Ein Klick auf ein organisches Google-Ergebnis führt nicht mehr direkt auf Ihre Seite. Seit dem 26. August 2026, als Google den Rollout bestätigte, läuft jeder Link in den Ergebnissen über google.com/goto?url= mit einem kodierten Token, und erst der Google-Server schickt den Browser auf die eigentliche Adresse. Für den Nutzer ändert sich nichts, für die Rankings auch nicht. Es ändert sich, was Tools sehen, die die Ergebnisse aus dem HTML lesen, und das ist der einzige Bereich, in dem etwas zu prüfen ist. Dieser Text trennt, was Google bestätigt hat, von dem, was die Branche hinzudichtet, und sagt konkret, was Sie in Analytics und in WordPress prüfen sollten.

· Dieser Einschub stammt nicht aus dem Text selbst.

lemma integrable_normalized_density:
  fixes h h' :: "real \<Rightarrow> real" and G :: "real ^ 'n \<Rightarrow> real ^ 'n"
  assumes "0 < R"
    and h_deriv: "\<And>x. x \<in> {0..R} \<Longrightarrow> (h has_real_derivative h' x) (at x within {0..R})"
    and "h 0 = 0" "0 < h' 0" and h_pos: "\<And>r. r \<in> {0<..R} \<Longrightarrow> 0 < h r"
    and G_cont: "continuous_on (cball 0 R) G"
  shows "integrable lborel (normalized_density h R G)"
proof -
  let ?N = "CARD('n) - 1"
  have h_cont: "continuous_on {0..R} h"
    by (rule DERIV_continuous_on[OF h_deriv])
  obtain m M where "0 < m" and mM: "\<And>r. r \<in> {0<..R} \<Longrightarrow> m \<le> h r / r \<and> h r / r \<le> M"
    using quotient_by_radius_bounds[OF \<open>0 < R\<close> h_cont h_deriv] assms by force
  obtain MG where MG: "\<And>x. x \<in> cball 0 R \<Longrightarrow> norm (G x) \<le> MG"
    using compact_imp_bounded[OF compact_continuous_image[OF G_cont compact_cball]]
    unfolding bounded_iff by blast
  define C where "C = (1 + (1 / m)\<^sup>2) * MG\<^sup>2 * M ^ ?N / h R ^ ?N"
  have "0 \<le> C"
    using mM[of R] \<open>0 < m\<close> \<open>0 < R\<close> h_pos[of R] by (simp add: C_def)
  have bound: "norm (normalized_density h R G x) \<le> indicator (ball 0 R) x * C" for x
  proof (cases "x \<in> ball 0 R \<and> x \<noteq> 0")
    case False
    then show ?thesis
      using \<open>0 \<le> C\<close> by (auto simp: normalized_density_def warped_grad_sq_def)
  next
    case True
    define r where "r = norm x"
    have r: "r \<in> {0<..R}" using True by (auto simp: r_def)
    have "r / h r \<le> 1 / m"
      using mM[OF r] \<open>0 < m\<close> r h_pos[OF r] by (simp add: divide_le_eq le_divide_eq mult.commute)
    then have "(1 + (r / h r)\<^sup>2) * (norm (G x))\<^sup>2 \<le> (1 + (1 / m)\<^sup>2) * MG\<^sup>2"
      using MG[of x] True r h_pos[OF r] by (intro mult_mono power_mono add_left_mono) auto
    then have "0 \<le> warped_grad_sq h x (G x) \<and> warped_grad_sq h x (G x) \<le> (1 + (1 / m)\<^sup>2) * MG\<^sup>2"
      using warped_grad_sq_bounds[of h x "G x"] unfolding r_def by linarith
    moreover have "0 \<le> (h r / r) ^ ?N \<and> (h r / r) ^ ?N \<le> M ^ ?N"
      using mM[OF r] r h_pos[OF r] by (auto intro: power_mono)
    ultimately have "warped_grad_sq h x (G x) * (h r / r) ^ ?N \<le> (1 + (1 / m)\<^sup>2) * MG\<^sup>2 * M ^ ?N"
      "0 \<le> warped_grad_sq h x (G x) * (h r / r) ^ ?N"
      by (auto intro: mult_mono)
    then show ?thesis
      using True h_pos[of R] \<open>0 < R\<close>
      by (simp add: normalized_density_def C_def r_def[symmetric] divide_right_mono)
  qed
  show ?thesis
  proof (rule Bochner_Integration.integrable_bound)
    show "integrable lborel (\<lambda>x. indicator (ball 0 R) x * C)"
      by (intro integrable_mult_left integrable_real_indicator emeasure_lborel_ball_finite) auto
    show "normalized_density h R G \<in> borel_measurable lborel"
    proof (rule borel_measurable_normalized_density[OF _ _ _ G_cont])
      show "continuous_on {0<..<R} h"
        using h_cont by (rule continuous_on_subset) auto
      show "h r \<noteq> 0" if "r \<in> {0<..<R}" for r
        using h_pos[of r] that by auto
      show "h R \<noteq> 0"
        using h_pos[of R] \<open>0 < R\<close> by auto
    qed
    show "AE x in lborel. norm (normalized_density h R G x) \<le> norm (indicator (ball 0 R) x * C)"
      using bound \<open>0 \<le> C\<close> by (intro AE_I2) (simp add: abs_mult)
  qed
qed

Was Google bestätigt hat und was Vermutung ist
Die Bestätigung ist eine einzige und kurz. In der Antwort an Search Engine Land vom 26. August 2026 schrieb Google:
We have a long history of deploying technical measures against evolving forms of abuse, and we regularly take steps to protect our services and users.

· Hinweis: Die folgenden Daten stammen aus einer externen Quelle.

(* Let $0<\alpha<\beta<1$ and $t\geq1$. Let $\mathcal{P}_t'$ be the set of real polynomials $f$ of degree at most $t$ with $f(0)=0$ and $f(1)=1$. Suppose $f^\star\in\mathcal{P}_t'$ is a minimizer of \[ \frac{\max_{\lambda\in[0,\alpha]}|f(\lambda)|}{\min_{\lambda\in[\beta,1]}|f(\lambda)|} \] over $f\in\mathcal{P}_t'$. Then $f^\star$ has no roots in the interval $[\alpha,1]$.
   Context: The objective is taken to be $+\infty$ when the denominator vanishes. *)

theory Defs
  imports "HOL-Analysis.Analysis" "HOL-Computational_Algebra.Polynomial" "HOL-Library.Extended_Real"
begin

definition Pt' :: "nat \<Rightarrow> real poly set" where
  "Pt' t = {f. degree f \<le> t \<and> poly f 0 = 0 \<and> poly f 1 = 1}"

text \<open>Max/min over compact intervals of a continuous function are
  expressed as Sup/Inf (they are attained).\<close>
definition ratio_obj :: "real \<Rightarrow> real \<Rightarrow> real poly \<Rightarrow> ereal" where
  "ratio_obj a b f =
     (let num = Sup ((\<lambda>x. \<bar>poly f x\<bar>) ` {0..a});
          den = Inf ((\<lambda>x. \<bar>poly f x\<bar>) ` {b..1})
      in if den = 0 then \<infinity> else ereal (num / den))"

end

theory Submission
  imports Defs
begin

text \<open>If the minimiser had a root \<open>r\<close> in \<open>[\<alpha>, 1]\<close>, then \<open>r < \<beta>\<close> (the denominator is positive and
  \<open>f(1) = 1\<close>). Write \<open>f = (x - r) h\<close> and move the root slightly to the left, to \<open>r - \<epsilon>\<close>.
  On \<open>[\<beta>, 1]\<close> the factor \<open>|x - r|\<close> grows to \<open>|x - r| + \<epsilon> \<ge> (1 + \<epsilon>) |x - r|\<close>, while on \<open>[0, \<alpha>]\<close> the
  new factor is at most \<open>max |x - r| \<epsilon>\<close>, which does not raise the maximum there once \<open>\<epsilon>\<close> is small.
  After renormalising at \<open>1\<close> the ratio has dropped by a factor \<open>1 + \<epsilon>\<close>, a contradiction.\<close>

lemma bdd_above_abs_poly_image: "bdd_above ((\<lambda>x. \<bar>poly p x\<bar>) ` {a..b::real})"
proof -
  have "compact ((\<lambda>x. \<bar>poly p x\<bar>) ` {a..b::real})"
    by (intro compact_continuous_image continuous_intros) simp
  then show ?thesis by (intro bounded_imp_bdd_above compact_imp_bounded)
qed

lemma abs_poly_le_Sup: "x \<in> {a..b} \<Longrightarrow> \<bar>poly p x\<bar> \<le> Sup ((\<lambda>x. \<bar>poly p x\<bar>) ` {a..b::real})"
  by (rule cSup_upper) (auto intro: bdd_above_abs_poly_image)

lemma Sup_abs_poly_le:
  "a \<le> b \<Longrightarrow> (\<And>x. x \<in> {a..b} \<Longrightarrow> \<bar>poly p x\<bar> \<le> B) \<Longrightarrow> Sup ((\<lambda>x. \<bar>poly p x\<bar>) ` {a..b::real}) \<le> B"
  by (rule cSup_least) auto

lemma Sup_abs_poly_pos:
  assumes "p \<noteq> 0" "a < b"
  shows "0 < Sup ((\<lambda>x. \<bar>poly p x\<bar>) ` {a..b::real})"
proof -
  have "\<not> {a..b} \<subseteq> {x. poly p x = 0}"
    using poly_roots_finite[OF assms(1)] assms(2) by (meson finite_subset infinite_Icc)
  then obtain x where "x \<in> {a..b}" "poly p x \<noteq> 0" by blast
  then show ?thesis using abs_poly_le_Sup[of x a b p] by linarith
qed

lemma Inf_abs_poly_le: "x \<in> {a..b} \<Longrightarrow> Inf ((\<lambda>x. \<bar>poly p x\<bar>) ` {a..b::real}) \<le> \<bar>poly p x\<bar>"
  by (rule cInf_lower) (auto intro: bdd_belowI[of _ 0])

lemma le_Inf_abs_poly:
  "a \<le> b \<Longrightarrow> (\<And>x. x \<in> {a..b} \<Longrightarrow> B \<le> \<bar>poly p x\<bar>) \<Longrightarrow> B \<le> Inf ((\<lambda>x. \<bar>poly p x\<bar>) ` {a..b::real})"
  by (rule cInf_greatest) auto

lemma ratio_obj_eq_ereal:
  "Inf ((\<lambda>x. \<bar>poly f x\<bar>) ` {b..1}) \<noteq> 0 \<Longrightarrow>
   ratio_obj a b f = ereal (Sup ((\<lambda>x. \<bar>poly f x\<bar>) ` {0..a}) / Inf ((\<lambda>x. \<bar>poly f x\<bar>) ` {b..1}))"
  unfolding ratio_obj_def Let_def by simp

lemma ratio_obj_eq_infinity: "Inf ((\<lambda>x. \<bar>poly f x\<bar>) ` {b..1}) = 0 \<Longrightarrow> ratio_obj a b f = \<infinity>"
  unfolding ratio_obj_def Let_def by simp

lemma ratio_obj_le_ereal:
  assumes "0 \<le> a" "b \<le> 1" "0 < D"
    and "\<And>x. x \<in> {0..a} \<Longrightarrow> \<bar>poly p x\<bar> \<le> N"
    and "\<And>x. x \<in> {b..1} \<Longrightarrow> D \<le> \<bar>poly p x\<bar>"
  shows "ratio_obj a b p \<le> ereal (N / D)"
proof -
  define num where "num = Sup ((\<lambda>x. \<bar>poly p x\<bar>) ` {0..a})"
  define den where "den = Inf ((\<lambda>x. \<bar>poly p x\<bar>) ` {b..1})"
  have "num \<le> N" unfolding num_def using assms by (intro Sup_abs_poly_le)
  moreover have "0 \<le> num" unfolding num_def using abs_poly_le_Sup[of 0 0 a p] assms(1) by auto
  moreover have "D \<le> den" unfolding den_def using assms by (intro le_Inf_abs_poly)
  ultimately have "num / den \<le> N / D"
    using assms(3) by (meson frac_le order_trans)
  moreover have "ratio_obj a b p = ereal (num / den)"
    unfolding num_def den_def using \<open>D \<le> den\<close> assms(3) den_def by (intro ratio_obj_eq_ereal) auto
  ultimately show ?thesis by simp
qed

lemma ratio_obj_identity_finite:
  assumes "0 < b" "b \<le> 1"
  shows "ratio_obj a b [:0, 1:] \<noteq> \<infinity>"
proof -
  have "b \<le> Inf ((\<lambda>x. \<bar>poly [:0, 1:] x\<bar>) ` {b..1})"
    using assms by (intro le_Inf_abs_poly) auto
  then show ?thesis using assms by (subst ratio_obj_eq_ereal) auto
qed

lemma poly_linear_factor_mult:
  fixes x y :: "'a :: comm_ring_1"
  shows "poly ([:-y, 1:] * h) x = (x - y) * poly h x"
  by (simp add: algebra_simps)

lemma abs_poly_shift_root_le:
  fixes x r e :: real
  assumes "x \<le> r" "0 \<le> e"
  shows "\<bar>poly ([:-(r - e), 1:] * h) x\<bar> \<le> max \<bar>poly ([:-r, 1:] * h) x\<bar> (e * \<bar>poly h x\<bar>)"
proof -
  have "\<bar>x - (r - e)\<bar> \<le> max \<bar>x - r\<bar> e" using assms by auto
  then have "\<bar>x - (r - e)\<bar> * \<bar>poly h x\<bar> \<le> max \<bar>x - r\<bar> e * \<bar>poly h x\<bar>"
    by (rule mult_right_mono) simp
  then show ?thesis unfolding poly_linear_factor_mult abs_mult by (simp add: max_mult_distrib_right)
qed

lemma abs_poly_shift_root_ge:
  fixes x r e :: real
  assumes "r \<le> x" "x \<le> r + 1" "0 \<le> e"
  shows "(1 + e) * \<bar>poly ([:-r, 1:] * h) x\<bar> \<le> \<bar>poly ([:-(r - e), 1:] * h) x\<bar>"
proof -
  have "e * (x - r) \<le> e" using assms by (simp add: mult_left_le)
  then have "(1 + e) * \<bar>x - r\<bar> \<le> \<bar>x - (r - e)\<bar>" using assms by (simp add: algebra_simps)
  then have "(1 + e) * \<bar>x - r\<bar> * \<bar>poly h x\<bar> \<le> \<bar>x - (r - e)\<bar> * \<bar>poly h x\<bar>"
    by (rule mult_right_mono) simp
  then show ?thesis unfolding poly_linear_factor_mult abs_mult by simp
qed

lemma smult_inverse_poly_one_in_Pt':
  assumes "degree p \<le> t" "poly p 0 = 0" "poly p 1 \<noteq> 0"
  shows "smult (1 / poly p 1) p \<in> Pt' t"
  using assms by (simp add: Pt'_def)

lemma ratio_obj_shift_root_left:
  assumes "0 < a" "a \<le> r" "r < b" "b \<le> 1"
    and f: "f \<in> Pt' t" "poly f r = 0"
    and den_pos: "0 < Inf ((\<lambda>x. \<bar>poly f x\<bar>) ` {b..1})"
  obtains g where "g \<in> Pt' t" "ratio_obj a b g < ratio_obj a b f"
proof -
  have f0: "poly f 0 = 0" and f1: "poly f 1 = 1" and "degree f \<le> t"
    using f(1) by (auto simp: Pt'_def)
  obtain h where fh: "f = [:-r, 1:] * h"
    using f(2) by (metis dvdE poly_eq_0_iff_dvd)
  have "h \<noteq> 0" using f1 fh by auto
  define N where "N = Sup ((\<lambda>x. \<bar>poly f x\<bar>) ` {0..a})"
  define D where "D = Inf ((\<lambda>x. \<bar>poly f x\<bar>) ` {b..1})"
  define M where "M = Sup ((\<lambda>x. \<bar>poly h x\<bar>) ` {0..a})"
  have "0 < D" using den_pos by (simp add: D_def)
  have "0 < N" unfolding N_def using f1 assms(1) by (intro Sup_abs_poly_pos) auto
  have "0 \<le> M" unfolding M_def using abs_poly_le_Sup[of 0 0 a h] assms(1) by auto
  define e where "e = N / (M + 1)"
  have "0 < e" using \<open>0 < N\<close> \<open>0 \<le> M\<close> by (simp add: e_def)
  have "e * M \<le> N" using \<open>0 < e\<close> \<open>0 \<le> M\<close> by (simp add: e_def field_simps)
  define p where "p = [:-(r - e), 1:] * h"
  define c where "c = 1 / poly p 1"
  have "poly h 1 \<noteq> 0" using f1 unfolding fh poly_linear_factor_mult by auto
  then have "poly p 1 \<noteq> 0"
    using \<open>r < b\<close> \<open>b \<le> 1\<close> \<open>0 < e\<close> unfolding p_def poly_linear_factor_mult by simp
  have "poly h 0 = 0" using f0 assms(1,2) unfolding fh poly_linear_factor_mult by simp
  then have "poly p 0 = 0" unfolding p_def poly_linear_factor_mult by simp
  moreover have "degree p = degree f"
    using \<open>h \<noteq> 0\<close> by (simp add: p_def fh degree_mult_eq del: mult_pCons_left)
  ultimately have "smult c p \<in> Pt' t"
    unfolding c_def using \<open>degree f \<le> t\<close> \<open>poly p 1 \<noteq> 0\<close> by (intro smult_inverse_poly_one_in_Pt') auto
  have left: "\<bar>poly (smult c p) x\<bar> \<le> \<bar>c\<bar> * N" if x: "x \<in> {0..a}" for x
  proof -
    have "\<bar>poly p x\<bar> \<le> max \<bar>poly f x\<bar> (e * \<bar>poly h x\<bar>)"
      unfolding p_def fh using x \<open>a \<le> r\<close> \<open>0 < e\<close> by (intro abs_poly_shift_root_le) auto
    also have "\<dots> \<le> max N (e * M)"
      using x \<open>0 < e\<close> unfolding N_def M_def by (intro max.mono abs_poly_le_Sup mult_left_mono) auto
    also have "\<dots> = N" using \<open>e * M \<le> N\<close> by simp
    finally show ?thesis by (simp add: abs_mult mult_left_mono)
  qed
  have right: "\<bar>c\<bar> * ((1 + e) * D) \<le> \<bar>poly (smult c p) x\<bar>" if x: "x \<in> {b..1}" for x
  proof -
    have "(1 + e) * D \<le> (1 + e) * \<bar>poly f x\<bar>"
      unfolding D_def using x \<open>0 < e\<close> by (intro mult_left_mono Inf_abs_poly_le) auto
    also have "\<dots> \<le> \<bar>poly p x\<bar>"
      unfolding p_def fh using x \<open>r < b\<close> \<open>0 < a\<close> \<open>a \<le> r\<close> \<open>0 < e\<close>
      by (intro abs_poly_shift_root_ge) auto
    finally show ?thesis by (simp add: abs_mult mult_left_mono)
  qed
  have "ratio_obj a b (smult c p) \<le> ereal (\<bar>c\<bar> * N / (\<bar>c\<bar> * ((1 + e) * D)))"
    using \<open>poly p 1 \<noteq> 0\<close> \<open>0 < e\<close> \<open>0 < D\<close> \<open>0 < a\<close> \<open>b \<le> 1\<close>
    by (intro ratio_obj_le_ereal[OF _ _ _ left right]) (auto simp: c_def)
  also have "\<dots> = ereal (N / ((1 + e) * D))" using \<open>poly p 1 \<noteq> 0\<close> by (simp add: c_def)
  also have "\<dots> < ereal (N / D)"
  proof -
    have "N / ((1 + e) * D) < N / D"
      using \<open>0 < e\<close> \<open>0 < N\<close> \<open>0 < D\<close> by (intro divide_strict_left_mono) simp_all
    then show ?thesis by simp
  qed
  also have "\<dots> = ratio_obj a b f"
    unfolding N_def D_def using den_pos by (intro ratio_obj_eq_ereal[symmetric]) simp
  finally show ?thesis using \<open>smult c p \<in> Pt' t\<close> that by blast
qed

theorem lemma2:
  fixes \<alpha> \<beta> :: real and t :: nat and fstar :: "real poly"
  assumes "0 < \<alpha>" "\<alpha> < \<beta>" "\<beta> < 1" "t \<ge> 1"
    and "fstar \<in> Pt' t"
    and "\<forall>g \<in> Pt' t. ratio_obj \<alpha> \<beta> fstar \<le> ratio_obj \<alpha> \<beta> g"
  shows "\<forall>x \<in> {\<alpha>..1}. poly fstar x \<noteq> 0"
proof (rule ccontr)
  assume "\<not> ?thesis"
  then obtain r where r: "\<alpha> \<le> r" "r \<le> 1" "poly fstar r = 0" by auto
  define D where "D = Inf ((\<lambda>x. \<bar>poly fstar x\<bar>) ` {\<beta>..1})"
  have "[:0, 1:] \<in> Pt' t" using \<open>t \<ge> 1\<close> by (simp add: Pt'_def)
  then have "ratio_obj \<alpha> \<beta> fstar \<le> ratio_obj \<alpha> \<beta> [:0, 1:]" using assms(6) by blast
  then have "ratio_obj \<alpha> \<beta> fstar \<noteq> \<infinity>"
    using ratio_obj_identity_finite[of \<beta> \<alpha>] assms(1-3) by auto
  then have "D \<noteq> 0" unfolding D_def using ratio_obj_eq_infinity by blast
  moreover have "0 \<le> D" unfolding D_def using assms(3) by (intro le_Inf_abs_poly) auto
  ultimately have "0 < D" by simp
  have "r < \<beta>"
  proof (rule ccontr)
    assume "\<not> r < \<beta>"
    then have "D \<le> \<bar>poly fstar r\<bar>" unfolding D_def using r by (intro Inf_abs_poly_le) auto
    then show False using r(3) \<open>0 < D\<close> by simp
  qed
  obtain g where "g \<in> Pt' t" "ratio_obj \<alpha> \<beta> g < ratio_obj \<alpha> \<beta> fstar"
    using ratio_obj_shift_root_left[of \<alpha> r \<beta> fstar t] assms(1,3,5) r \<open>r < \<beta>\<close> \<open>0 < D\<close>
    unfolding D_def by auto
  then show False using assms(6) by (meson leD)
qed

end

(Glosse: wir haben eine lange Geschichte im Einsatz technischer Maßnahmen gegen sich wandelnde Formen von Missbrauch und unternehmen regelmäßig Schritte, um unsere Dienste und Nutzer zu schützen.)
Das ist alles. Es gibt keine Dokumentation, keine Beschreibung des Token-Formats, keine Referrer-Richtlinie, kein Startdatum. Der Rest stammt aus Beobachtungen, und es lohnt sich zu wissen, aus wessen.
| was wir wissen | Quelle | Status |
|---|---|---|
der Link hat die Form google.com/goto?url= mit einem kodierten Token | SEO-Beobachtungen seit Juni 2026 | mehrfach bestätigt |
| der Server antwortet mit einer 302-Weiterleitung auf die Zieladresse | Beobachtungen von Tools | bestätigt |
| der Token lässt sich lokal nicht dekodieren | Nozzle, SerpAPI | durch Versuche bestätigt |
| Rollout nahe 100 Prozent auf Residential-Adressen | Derek Perkins, Nozzle | Messung einer einzelnen Firma |
| Search Console unverändert | Search Engine Land | Bericht, kein Dokument |
| Referrer-Richtlinie | niemand | unbekannt |
Die ersten Meldungen stammen vom 23. Juni (Alex Greenland) und vom 2. Juli (Brodie Clark), von der ersten Beobachtung bis zur Bestätigung vergingen also zwei Monate. Google nannte es eine Maßnahme gegen Missbrauch, und der Kontext ist deutlich: Die Firma hatte zuvor SerpAPI wegen Scraping verklagt und die zentralen DMCA-Ansprüche verloren. Wenn das Gericht das Auslesen der Ergebnisse nicht blockiert hat, tut es jetzt die Technik.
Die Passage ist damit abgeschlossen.